(Stored data)
++++
lemma norm_diff_along_axis_le:
  fixes F :: "complex^'n \<Rightarrow> complex"
  assumes convex: "\<And>k. convex (U k)"
    and deriv: "\<And>x i. \<forall>k. x $ k \<in> U k \<Longrightarrow> ((\<lambda>s. F (x + axis i s)) has_field_derivative F' i x) (at 0)"
    and bound: "\<And>x i. \<forall>k. x $ k \<in> U k \<Longrightarrow> norm (F' i x) \<le> L"
    and y: "\<forall>k. y $ k \<in> U k" and yt: "y $ i + t \<in> U i"
  shows "norm (F (y + axis i t) - F y) \<le> L * norm t"
proof -
  have inU: "\<forall>k. (y + axis i s) $ k \<in> U k" if "s \<in> closed_segment 0 t" for s
    using y add_segment_mem_convex[OF convex _ yt that] by (auto simp: axis_def)
  have "norm (F (y + axis i t) - F (y + axis i 0)) \<le> L * norm (t - 0)"
  proof (rule field_differentiable_bound[where S = "closed_segment 0 t"])
    fix s assume s: "s \<in> closed_segment 0 t"
    have "(\<lambda>u. F ((y + axis i s) + axis i u)) = (\<lambda>u. F (y + axis i (u + s)))"
      by (intro ext arg_cong[where f = F]) (simp add: vec_eq_iff axis_def)
    then have "((\<lambda>u. F (y + axis i u)) has_field_derivative F' i (y + axis i s)) (at s)"
      using deriv[OF inU[OF s], of i]
        DERIV_shift[of "\<lambda>u. F (y + axis i u)" "F' i (y + axis i s)" 0 s] by simp
    then show "((\<lambda>u. F (y + axis i u)) has_field_derivative F' i (y + axis i s))
        (at s within closed_segment 0 t)"
      by (simp add: has_field_derivative_at_within)
    show "norm (F' i (y + axis i s)) \<le> L" using bound inU s by blast
  qed auto
  then show ?thesis by simp
qed

text \<open>Change one coordinate at a time.\<close>
lemma norm_diff_le_partials_bound:
  fixes F :: "complex^'n \<Rightarrow> complex"
  assumes convex: "\<And>k. convex (U k)"
    and deriv: "\<And>x i. \<forall>k. x $ k \<in> U k \<Longrightarrow> ((\<lambda>s. F (x + axis i s)) has_field_derivative F' i x) (at 0)"
    and bound: "\<And>x i. \<forall>k. x $ k \<in> U k \<Longrightarrow> norm (F' i x) \<le> L"
    and c: "\<forall>k. c $ k \<in> U k" and z: "\<forall>k. z $ k \<in> U k"
  shows "norm (F z - F c) \<le> L * (\<Sum>k\<in>UNIV. norm (z $ k - c $ k))"
proof -
  note step = norm_diff_along_axis_le[OF convex deriv bound]
  define zA where "zA A = (\<chi> k. if k \<in> A then z $ k else c $ k)" for A
  have "norm (F (zA A) - F c) \<le> L * (\<Sum>k\<in>A. norm (z $ k - c $ k))" if "finite A" for A
    using that
  proof (induction A rule: finite_induct)
    case empty
    have "zA {} = c" by (simp add: zA_def vec_eq_iff)
    then show ?case by simp
  next
    case (insert a A)
    have "zA (insert a A) = zA A + axis a (z $ a - c $ a)"
      using insert(2) by (auto simp: zA_def vec_eq_iff axis_def)
    moreover have "\<forall>k. zA A $ k \<in> U k" "zA A $ a + (z $ a - c $ a) \<in> U a"
      using insert(2) c z by (auto simp: zA_def)
    ultimately have "norm (F (zA (insert a A)) - F (zA A)) \<le> L * norm (z $ a - c $ a)"
      using step[where y = "zA A" and i = a and t = "z $ a - c $ a"] by simp
    then have "norm (F (zA (insert a A)) - F c) \<le> L * norm (z $ a - c $ a) + L * (\<Sum>k\<in>A. norm (z $ k - c $ k))"
      using insert(3) norm_triangle_ineq[of "F (zA (insert a A)) - F (zA A)" "F (zA A) - F c"] by simp
    then show ?case using insert(1,2) by (simp add: distrib_left)
  qed
  from this[of UNIV] show ?thesis by (simp add: zA_def)
qed

lemma cpd_lipschitz_on_polydisc:
  fixes f :: "complex^'n \<Rightarrow> complex"
  assumes cd: "cdiff_on f (cscale \<i>) {w. supn (w - c) < \<rho>}"
    and M: "\<And>w i j. supn (w - c) < \<rho> \<Longrightarrow> norm (cpd i (cpd j f) w) \<le> M"
    and y: "supn (y - c) < \<rho>"
  shows "norm (cpd j f y - cpd j f c) \<le> M * (\<Sum>k\<in>UNIV. norm (y $ k - c $ k))"
proof (rule norm_diff_le_partials_bound[where U = "\<lambda>k. ball (c $ k) \<rho>"])
  have "\<rho> > 0" using y supn_nonneg[of "y - c"] by linarith
  then show "\<forall>k. c $ k \<in> ball (c $ k) \<rho>" "\<forall>k. y $ k \<in> ball (c $ k) \<rho>"
    using y by (auto simp: polydisc_iff)
  fix x i assume "\<forall>k. x $ k \<in> ball (c $ k) \<rho>"
  then have "x \<in> {w. supn (w - c) < \<rho>}" by (simp add: polydisc_iff)
  then show "((\<lambda>s. cpd j f (x + axis i s)) has_field_derivative cpd i (cpd j f) x) (at 0)"
    and "norm (cpd i (cpd j f) x) \<le> M"
    using cpd_has_field_derivative_along_axis[OF cd] M by auto
qed simp

lemma linear_remainder_has_field_derivative_along_axis:
  assumes "cdiff_on f (cscale \<i>) S" "x \<in> S"
  shows "((\<lambda>s. f (x + axis i s) - cdifferential f c (x + axis i s - c))
      has_field_derivative cpd i f x - cpd i f c) (at 0)"
proof -
  have "x + axis i 0 \<in> S" using assms(2) by simp
  from cdiff_on_has_field_derivative_along_axis[OF assms(1) this]
  have "((\<lambda>s. f (x + axis i s) - (cdifferential f c (x - c) + s * cpd i f c))
      has_field_derivative cpd i f x - (0 + 1 * cpd i f c)) (at 0)"
    by (intro DERIV_diff DERIV_add DERIV_const DERIV_cmult_right DERIV_ident) simp
  moreover have "cdifferential f c (x + axis i s - c) = cdifferential f c (x - c) + s * cpd i f c" for s
  proof -
    have "x + axis i s - c = (x - c) + cscale s (axis i 1)"
      by (simp add: axis_eq_cscale[symmetric] algebra_simps)
    then show ?thesis by (simp only: cdifferential_add cdifferential_cscale cdifferential_axis)
  qed
  ultimately show ?thesis by simp
qed

lemma first_order_taylor_on_polydisc:
  fixes f :: "complex^'n \<Rightarrow> complex"
  assumes cd: "cdiff_on f (cscale \<i>) {w. supn (w - c) < \<rho>}"
    and M: "\<And>w i j. supn (w - c) < \<rho> \<Longrightarrow> norm (cpd i (cpd j f) w) \<le> M"
    and u: "supn u < \<rho>"
  shows "norm (f (c + u) - f c - cdifferential f c u) \<le> real CARD('n) ^ 2 * M * (supn u)^2"
proof -
  define R where "R = supn u"
  define N where "N = real CARD('n)"
  have R: "0 \<le> R" "R < \<rho>" using u supn_nonneg by (auto simp: R_def)
  have M0: "0 \<le> M" using M[of c] R by (simp add: supn_def) (meson norm_ge_zero order_trans)
  have sum_le: "(\<Sum>k\<in>UNIV. norm (w $ k - c $ k)) \<le> N * R" if "\<forall>k. w $ k \<in> cball (c $ k) R" for w
    using that sum_bounded_above[of UNIV "\<lambda>k. norm (w $ k - c $ k)" R]
    by (simp add: N_def dist_norm norm_minus_commute)
  have in_polydisc: "supn (w - c) < \<rho>" if "\<forall>k. w $ k \<in> cball (c $ k) R" for w
  proof -
    have "norm ((w - c) $ k) \<le> R" for k using that by (simp add: dist_norm norm_minus_commute)
    then show ?thesis using R unfolding supn_less_iff by (meson order_le_less_trans)
  qed
  define F where "F y = f y - cdifferential f c (y - c)" for y
  have "norm (F (c + u) - F c) \<le> (M * (N * R)) * (\<Sum>k\<in>UNIV. norm ((c + u) $ k - c $ k))"
  proof (rule norm_diff_le_partials_bound[where U = "\<lambda>k. cball (c $ k) R"])
    show "\<forall>k. c $ k \<in> cball (c $ k) R" "\<forall>k. (c + u) $ k \<in> cball (c $ k) R"
      using R by (auto simp: dist_norm R_def norm_nth_le_supn)
    fix x i assume x: "\<forall>k. x $ k \<in> cball (c $ k) R"
    have "x \<in> {w. supn (w - c) < \<rho>}" using in_polydisc[OF x] by simp
    then show "((\<lambda>s. F (x + axis i s)) has_field_derivative cpd i f x - cpd i f c) (at 0)"
      unfolding F_def by (rule linear_remainder_has_field_derivative_along_axis[OF cd])
    have "norm (cpd i f x - cpd i f c) \<le> M * (\<Sum>k\<in>UNIV. norm (x $ k - c $ k))"
      by (rule cpd_lipschitz_on_polydisc[OF cd M in_polydisc[OF x]])
    also have "\<dots> \<le> M * (N * R)" by (intro mult_left_mono M0 sum_le x)
    finally show "norm (cpd i f x - cpd i f c) \<le> M * (N * R)" .
  qed simp
  also have "\<dots> \<le> (M * (N * R)) * (N * R)"
    using M0 R by (intro mult_left_mono sum_le) (auto simp: R_def N_def dist_norm norm_nth_le_supn)
  also have "\<dots> = N^2 * M * R^2" by (simp add: power2_eq_square)
  finally have "norm (F (c + u) - F c) \<le> N^2 * M * R^2" .
  moreover have "F (c + u) - F c = f (c + u) - f c - cdifferential f c u"
    by (simp add: F_def cdifferential_def)
  ultimately show ?thesis by (simp add: N_def R_def)
qed

lemma cpd_eq_rgrad:
  fixes f :: "complex^'n \<Rightarrow> complex"
  assumes cd: "cdiff_on f (cscale \<i>) {z. supn (z - cvec x0) < \<rho>}" and \<rho>: "\<rho> > 0"
    and real: "\<forall>x. supn (cvec x - cvec x0) < \<rho> \<longrightarrow> f (cvec x) \<in> \<real>"
  shows "cpd j f (cvec x0) = complex_of_real (rgrad f x0 $ j)"
proof -
  have line: "cvec (x0 + axis j r) = cvec x0 + axis j (of_real r)" for r
    by (simp add: vec_eq_iff axis_def)
  have "cvec x0 + axis j 0 \<in> {z. supn (z - cvec x0) < \<rho>}"
    using \<rho> by (simp add: supn_less_iff axis_def)
  from cdiff_on_has_field_derivative_along_axis[OF cd this]
  have "((\<lambda>t. f (cvec x0 + axis j t)) has_field_derivative cpd j f (cvec x0)) (at (of_real 0))"
    by simp
  from has_vector_derivative_real_field[OF this, of UNIV]
  have F: "((\<lambda>r. f (cvec (x0 + axis j r))) has_vector_derivative cpd j f (cvec x0)) (at 0)"
    by (simp add: line)
  have "Im (f (cvec (x0 + axis j r))) = 0" if "r \<in> ball 0 \<rho>" for r
  proof -
    have "cvec (x0 + axis j r) - cvec x0 = cvec (axis j r)" by (simp add: vec_eq_iff)
    then have "supn (cvec (x0 + axis j r) - cvec x0) \<le> norm (axis j r :: real^'n)"
      using supn_cvec_le[of "axis j r"] by simp
    also have "\<dots> < \<rho>" using that by (simp add: norm_axis)
    finally show ?thesis using real by (simp add: complex_is_Real_iff)
  qed
  then have "((\<lambda>r. 0) has_field_derivative Im (cpd j f (cvec x0))) (at (0::real))"
    using \<rho> by (intro has_field_derivative_transform_within_open[OF has_field_derivative_Im[OF F],
        where S = "ball 0 \<rho>"]) auto
  then have "Im (cpd j f (cvec x0)) = 0" using DERIV_unique[OF DERIV_const] by metis
  moreover have "rgrad f x0 $ j = Re (cpd j f (cvec x0))"
    unfolding rgrad_def using DERIV_imp_deriv[OF has_field_derivative_Re[OF F]] by simp
  ultimately show ?thesis by (simp add: complex_eq_iff)
qed

section \<open>Solving for the normal coordinate\<close>

lemma orthonormal_frame_expansion:
  fixes nv :: "real^'n" and e :: "'m::finite \<Rightarrow> real^'n"
  assumes card: "CARD('n) = CARD('m) + 1" and nv: "nv \<bullet> nv = 1"
    and eo: "\<forall>i j. e i \<bullet> e j = (if i = j then 1 else 0)" and en: "\<forall>j. e j \<bullet> nv = 0"
  shows "d = (d \<bullet> nv) *\<^sub>R nv + (\<Sum>j\<in>UNIV. (d \<bullet> e j) *\<^sub>R e j)"
proof -
  define B where "B = insert nv (range e)"
  have "inj e" using eo by (metis injI zero_neq_one)
  moreover have "nv \<notin> range e" using nv en by force
  ultimately have "card B = CARD('m) + 1" by (simp add: B_def card_image)
  moreover have "independent B"
  proof (rule pairwise_orthogonal_independent)
    show "pairwise orthogonal B"
      using eo en \<open>inj e\<close> by (auto simp: B_def pairwise_def orthogonal_def inner_commute inj_eq)
    show "0 \<notin> B"
      using nv eo unfolding B_def by (metis image_iff inner_zero_left insert_iff zero_neq_one)
  qed
  ultimately have span: "UNIV \<subseteq> span B"
    using card by (intro card_ge_dim_independent) auto
  define v where "v = d - ((d \<bullet> nv) *\<^sub>R nv + (\<Sum>j\<in>UNIV. (d \<bullet> e j) *\<^sub>R e j))"
  have "v \<bullet> nv = 0"
    unfolding v_def using nv en by (simp add: inner_diff_left inner_add_left inner_sum_left)
  moreover have "v \<bullet> e k = 0" for k
  proof -
    have "(\<Sum>j\<in>UNIV. (d \<bullet> e j) * (e j \<bullet> e k)) = (\<Sum>j\<in>UNIV. if j = k then d \<bullet> e k else 0)"
      using eo by (intro sum.cong) auto
    moreover have "nv \<bullet> e k = 0" using en by (simp add: inner_commute)
    ultimately show ?thesis
      unfolding v_def by (simp add: inner_diff_left inner_add_left inner_sum_left)
  qed
  moreover have "v \<in> span B" using span by blast
  ultimately have "orthogonal v v"
    by (intro orthogonal_to_span[of v B]) (auto simp: B_def orthogonal_def inner_commute)
  then show ?thesis by (simp add: orthogonal_def v_def)
qed

text \<open>The hypotheses of the theorem, for the constant \<open>c = 1/(8 n\<^sup>2)\<close>; it is chosen so that
  the bound \<open>2 n\<^sup>2 \<rho>1 M2\<close> on the variation of the normal derivative over the polydisc of radius
  \<open>2 \<rho>1\<close> is at most \<open>\<mu>/4\<close>.\<close>
locale normal_graph =
  fixes f :: "complex^'n \<Rightarrow> complex" and x0 :: "real^'n" and \<rho>0 \<rho>1 c :: real
    and e :: "'m::finite \<Rightarrow> real^'n"
  assumes card: "CARD('n) = CARD('m) + 1"
    and c_eq: "c = 1 / (8 * real CARD('n)^2)"
    and \<rho>0_pos: "\<rho>0 > 0"
    and analytic: "analytic_vec_on f {z. supn (z - cvec x0) < \<rho>0}"
    and real_on_reals: "\<forall>x. cvec x \<in> {z. supn (z - cvec x0) < \<rho>0} \<longrightarrow> f (cvec x) \<in> \<real>"
    and bdd: "bdd_above {cmod (cpd i (cpd j f) z) |i j z. z \<in> {z. supn (z - cvec x0) < \<rho>0}}"
    and grad_pos: "0 < norm (rgrad f x0)"
    and orthonormal: "\<forall>i j. e i \<bullet> e j = (if i = j then 1 else 0)"
    and normal: "\<forall>j. e j \<bullet> (1 / norm (rgrad f x0)) *\<^sub>R rgrad f x0 = 0"
    and \<rho>1_le_\<rho>0: "\<rho>1 \<le> c * \<rho>0"
    and \<rho>1_M2: "\<rho>1 * Sup {cmod (cpd i (cpd j f) z) |i j z. z \<in> {z. supn (z - cvec x0) < \<rho>0}}
      \<le> c * norm (rgrad f x0)"
begin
++++
▸ AIM OF THE TASK: All lines above from the one holding "using insert(2) c" to the one holding "using step[where y", inclusive, are to be copied exactly; no other line is wanted.

▸ SOLUTION TO THE EXERCISE:
      using insert(2) c z by (auto simp: zA_def)
    ultimately have "norm (F (zA (insert a A)) - F (zA A)) \<le> L * norm (z $ a - c $ a)"
      using step[where y = "zA A" and i = a and t = "z $ a - c $ a"] by simp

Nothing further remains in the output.